Work instructions: If a line contains "y \<Longrightarrow> finsupp (x", it is the last one to write out; begin with the first line of the records and copy each exactly.

Collected data entries

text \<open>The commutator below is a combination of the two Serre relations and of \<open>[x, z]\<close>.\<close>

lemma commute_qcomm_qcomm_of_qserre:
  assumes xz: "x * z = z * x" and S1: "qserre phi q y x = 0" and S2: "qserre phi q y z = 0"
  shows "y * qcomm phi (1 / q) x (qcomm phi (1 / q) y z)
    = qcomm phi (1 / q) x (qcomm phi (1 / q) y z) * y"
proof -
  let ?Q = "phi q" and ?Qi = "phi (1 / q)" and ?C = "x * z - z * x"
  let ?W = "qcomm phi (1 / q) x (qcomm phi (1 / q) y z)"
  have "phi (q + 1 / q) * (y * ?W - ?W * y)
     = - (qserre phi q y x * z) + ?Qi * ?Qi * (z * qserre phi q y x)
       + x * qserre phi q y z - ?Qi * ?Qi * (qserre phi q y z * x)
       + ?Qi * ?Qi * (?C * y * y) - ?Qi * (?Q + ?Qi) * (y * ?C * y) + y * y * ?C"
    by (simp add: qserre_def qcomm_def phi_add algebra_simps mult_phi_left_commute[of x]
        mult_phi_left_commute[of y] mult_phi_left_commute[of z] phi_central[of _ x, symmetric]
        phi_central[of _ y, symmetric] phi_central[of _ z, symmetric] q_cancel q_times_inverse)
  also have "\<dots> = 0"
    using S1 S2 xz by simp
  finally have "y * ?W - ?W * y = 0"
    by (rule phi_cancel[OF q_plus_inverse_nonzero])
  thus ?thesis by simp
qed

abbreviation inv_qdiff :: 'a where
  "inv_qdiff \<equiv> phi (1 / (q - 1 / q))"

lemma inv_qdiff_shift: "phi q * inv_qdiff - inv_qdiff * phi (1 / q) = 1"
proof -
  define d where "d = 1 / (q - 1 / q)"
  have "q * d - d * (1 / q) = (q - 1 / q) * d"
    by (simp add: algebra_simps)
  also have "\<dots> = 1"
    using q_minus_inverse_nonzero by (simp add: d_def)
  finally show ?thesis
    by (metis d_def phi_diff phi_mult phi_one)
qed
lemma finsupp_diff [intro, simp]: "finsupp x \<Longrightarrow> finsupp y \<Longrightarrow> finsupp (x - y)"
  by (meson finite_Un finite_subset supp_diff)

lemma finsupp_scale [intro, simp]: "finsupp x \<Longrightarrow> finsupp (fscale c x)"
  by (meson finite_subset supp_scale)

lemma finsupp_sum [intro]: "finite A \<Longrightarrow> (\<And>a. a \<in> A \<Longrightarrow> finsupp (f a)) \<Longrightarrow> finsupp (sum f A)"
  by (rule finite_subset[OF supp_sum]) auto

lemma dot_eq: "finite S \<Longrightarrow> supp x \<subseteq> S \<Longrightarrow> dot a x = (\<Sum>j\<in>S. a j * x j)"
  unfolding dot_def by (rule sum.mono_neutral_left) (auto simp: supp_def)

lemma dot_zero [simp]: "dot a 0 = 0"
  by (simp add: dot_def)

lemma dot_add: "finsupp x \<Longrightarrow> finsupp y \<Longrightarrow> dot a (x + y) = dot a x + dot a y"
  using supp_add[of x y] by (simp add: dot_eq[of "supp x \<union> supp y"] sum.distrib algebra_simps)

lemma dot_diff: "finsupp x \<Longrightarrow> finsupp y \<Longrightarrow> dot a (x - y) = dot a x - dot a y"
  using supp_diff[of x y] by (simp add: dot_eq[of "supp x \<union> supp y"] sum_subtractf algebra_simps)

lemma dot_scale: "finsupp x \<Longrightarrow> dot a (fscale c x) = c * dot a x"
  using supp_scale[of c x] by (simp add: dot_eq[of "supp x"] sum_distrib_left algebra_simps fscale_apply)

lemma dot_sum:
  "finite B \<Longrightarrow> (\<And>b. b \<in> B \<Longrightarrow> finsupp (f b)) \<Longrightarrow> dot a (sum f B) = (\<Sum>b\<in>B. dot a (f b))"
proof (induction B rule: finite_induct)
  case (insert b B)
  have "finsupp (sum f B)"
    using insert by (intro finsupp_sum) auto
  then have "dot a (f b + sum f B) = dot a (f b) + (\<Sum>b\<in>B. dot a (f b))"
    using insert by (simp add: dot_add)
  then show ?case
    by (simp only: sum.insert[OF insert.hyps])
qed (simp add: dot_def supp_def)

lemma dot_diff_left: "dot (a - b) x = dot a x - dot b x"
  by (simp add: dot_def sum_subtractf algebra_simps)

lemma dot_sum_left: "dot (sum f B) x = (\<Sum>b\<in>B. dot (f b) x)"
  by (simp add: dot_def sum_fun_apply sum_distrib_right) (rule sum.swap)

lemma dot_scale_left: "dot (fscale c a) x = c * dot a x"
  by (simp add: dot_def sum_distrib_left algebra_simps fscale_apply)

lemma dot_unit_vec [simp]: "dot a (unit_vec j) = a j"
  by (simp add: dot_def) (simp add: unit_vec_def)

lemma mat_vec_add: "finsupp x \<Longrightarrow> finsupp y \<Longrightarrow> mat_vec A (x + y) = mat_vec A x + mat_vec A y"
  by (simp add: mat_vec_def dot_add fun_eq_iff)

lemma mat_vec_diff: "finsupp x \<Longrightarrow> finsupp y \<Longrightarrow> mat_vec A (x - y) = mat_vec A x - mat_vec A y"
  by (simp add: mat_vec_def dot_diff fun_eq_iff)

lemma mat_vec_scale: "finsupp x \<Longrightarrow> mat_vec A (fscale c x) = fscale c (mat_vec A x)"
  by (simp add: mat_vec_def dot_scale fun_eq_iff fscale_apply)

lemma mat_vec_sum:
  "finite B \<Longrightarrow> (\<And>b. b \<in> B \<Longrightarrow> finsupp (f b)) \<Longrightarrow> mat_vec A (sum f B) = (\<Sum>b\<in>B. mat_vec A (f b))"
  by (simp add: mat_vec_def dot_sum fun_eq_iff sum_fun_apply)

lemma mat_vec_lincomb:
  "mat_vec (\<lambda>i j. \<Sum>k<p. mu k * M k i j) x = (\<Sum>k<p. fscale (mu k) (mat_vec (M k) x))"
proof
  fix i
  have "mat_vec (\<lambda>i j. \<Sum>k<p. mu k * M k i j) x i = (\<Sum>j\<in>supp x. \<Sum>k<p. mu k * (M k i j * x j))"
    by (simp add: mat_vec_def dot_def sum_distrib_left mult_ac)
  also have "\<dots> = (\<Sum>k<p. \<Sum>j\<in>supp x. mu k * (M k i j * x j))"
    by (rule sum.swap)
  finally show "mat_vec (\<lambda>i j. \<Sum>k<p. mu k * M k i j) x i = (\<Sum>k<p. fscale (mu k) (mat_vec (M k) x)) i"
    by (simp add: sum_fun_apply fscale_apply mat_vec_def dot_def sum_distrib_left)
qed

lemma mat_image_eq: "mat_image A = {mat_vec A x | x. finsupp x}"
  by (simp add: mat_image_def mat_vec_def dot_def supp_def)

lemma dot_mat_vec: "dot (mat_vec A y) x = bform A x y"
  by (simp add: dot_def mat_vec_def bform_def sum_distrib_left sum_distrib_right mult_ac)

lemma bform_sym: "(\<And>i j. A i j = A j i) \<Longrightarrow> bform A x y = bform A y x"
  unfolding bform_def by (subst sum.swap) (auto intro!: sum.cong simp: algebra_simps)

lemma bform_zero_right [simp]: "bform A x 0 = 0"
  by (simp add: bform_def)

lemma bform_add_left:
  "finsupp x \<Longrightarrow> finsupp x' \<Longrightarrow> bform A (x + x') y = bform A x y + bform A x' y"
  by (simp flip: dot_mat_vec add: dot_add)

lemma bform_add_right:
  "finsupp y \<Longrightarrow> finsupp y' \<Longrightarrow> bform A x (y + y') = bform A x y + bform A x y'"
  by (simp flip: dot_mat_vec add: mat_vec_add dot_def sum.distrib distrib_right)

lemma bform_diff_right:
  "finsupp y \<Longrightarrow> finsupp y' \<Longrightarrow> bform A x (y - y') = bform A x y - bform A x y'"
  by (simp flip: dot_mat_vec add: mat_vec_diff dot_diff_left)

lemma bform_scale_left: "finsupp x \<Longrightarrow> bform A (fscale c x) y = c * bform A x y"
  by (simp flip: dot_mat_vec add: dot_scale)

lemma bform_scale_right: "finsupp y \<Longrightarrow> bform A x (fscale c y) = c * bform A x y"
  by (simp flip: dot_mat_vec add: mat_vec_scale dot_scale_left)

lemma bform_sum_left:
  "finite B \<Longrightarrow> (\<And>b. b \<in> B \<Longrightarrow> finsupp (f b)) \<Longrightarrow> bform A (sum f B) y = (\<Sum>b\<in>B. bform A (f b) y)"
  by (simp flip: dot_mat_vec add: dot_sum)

Task solution:
text \<open>The commutator below is a combination of the two Serre relations and of \<open>[x, z]\<close>.\<close>

lemma commute_qcomm_qcomm_of_qserre:
  assumes xz: "x * z = z * x" and S1: "qserre phi q y x = 0" and S2: "qserre phi q y z = 0"
  shows "y * qcomm phi (1 / q) x (qcomm phi (1 / q) y z)
    = qcomm phi (1 / q) x (qcomm phi (1 / q) y z) * y"
proof -
  let ?Q = "phi q" and ?Qi = "phi (1 / q)" and ?C = "x * z - z * x"
  let ?W = "qcomm phi (1 / q) x (qcomm phi (1 / q) y z)"
  have "phi (q + 1 / q) * (y * ?W - ?W * y)
     = - (qserre phi q y x * z) + ?Qi * ?Qi * (z * qserre phi q y x)
       + x * qserre phi q y z - ?Qi * ?Qi * (qserre phi q y z * x)
       + ?Qi * ?Qi * (?C * y * y) - ?Qi * (?Q + ?Qi) * (y * ?C * y) + y * y * ?C"
    by (simp add: qserre_def qcomm_def phi_add algebra_simps mult_phi_left_commute[of x]
        mult_phi_left_commute[of y] mult_phi_left_commute[of z] phi_central[of _ x, symmetric]
        phi_central[of _ y, symmetric] phi_central[of _ z, symmetric] q_cancel q_times_inverse)
  also have "\<dots> = 0"
    using S1 S2 xz by simp
  finally have "y * ?W - ?W * y = 0"
    by (rule phi_cancel[OF q_plus_inverse_nonzero])
  thus ?thesis by simp
qed

abbreviation inv_qdiff :: 'a where
  "inv_qdiff \<equiv> phi (1 / (q - 1 / q))"

lemma inv_qdiff_shift: "phi q * inv_qdiff - inv_qdiff * phi (1 / q) = 1"
proof -
  define d where "d = 1 / (q - 1 / q)"
  have "q * d - d * (1 / q) = (q - 1 / q) * d"
    by (simp add: algebra_simps)
  also have "\<dots> = 1"
    using q_minus_inverse_nonzero by (simp add: d_def)
  finally show ?thesis
    by (metis d_def phi_diff phi_mult phi_one)
qed
lemma finsupp_diff [intro, simp]: "finsupp x \<Longrightarrow> finsupp y \<Longrightarrow> finsupp (x - y)"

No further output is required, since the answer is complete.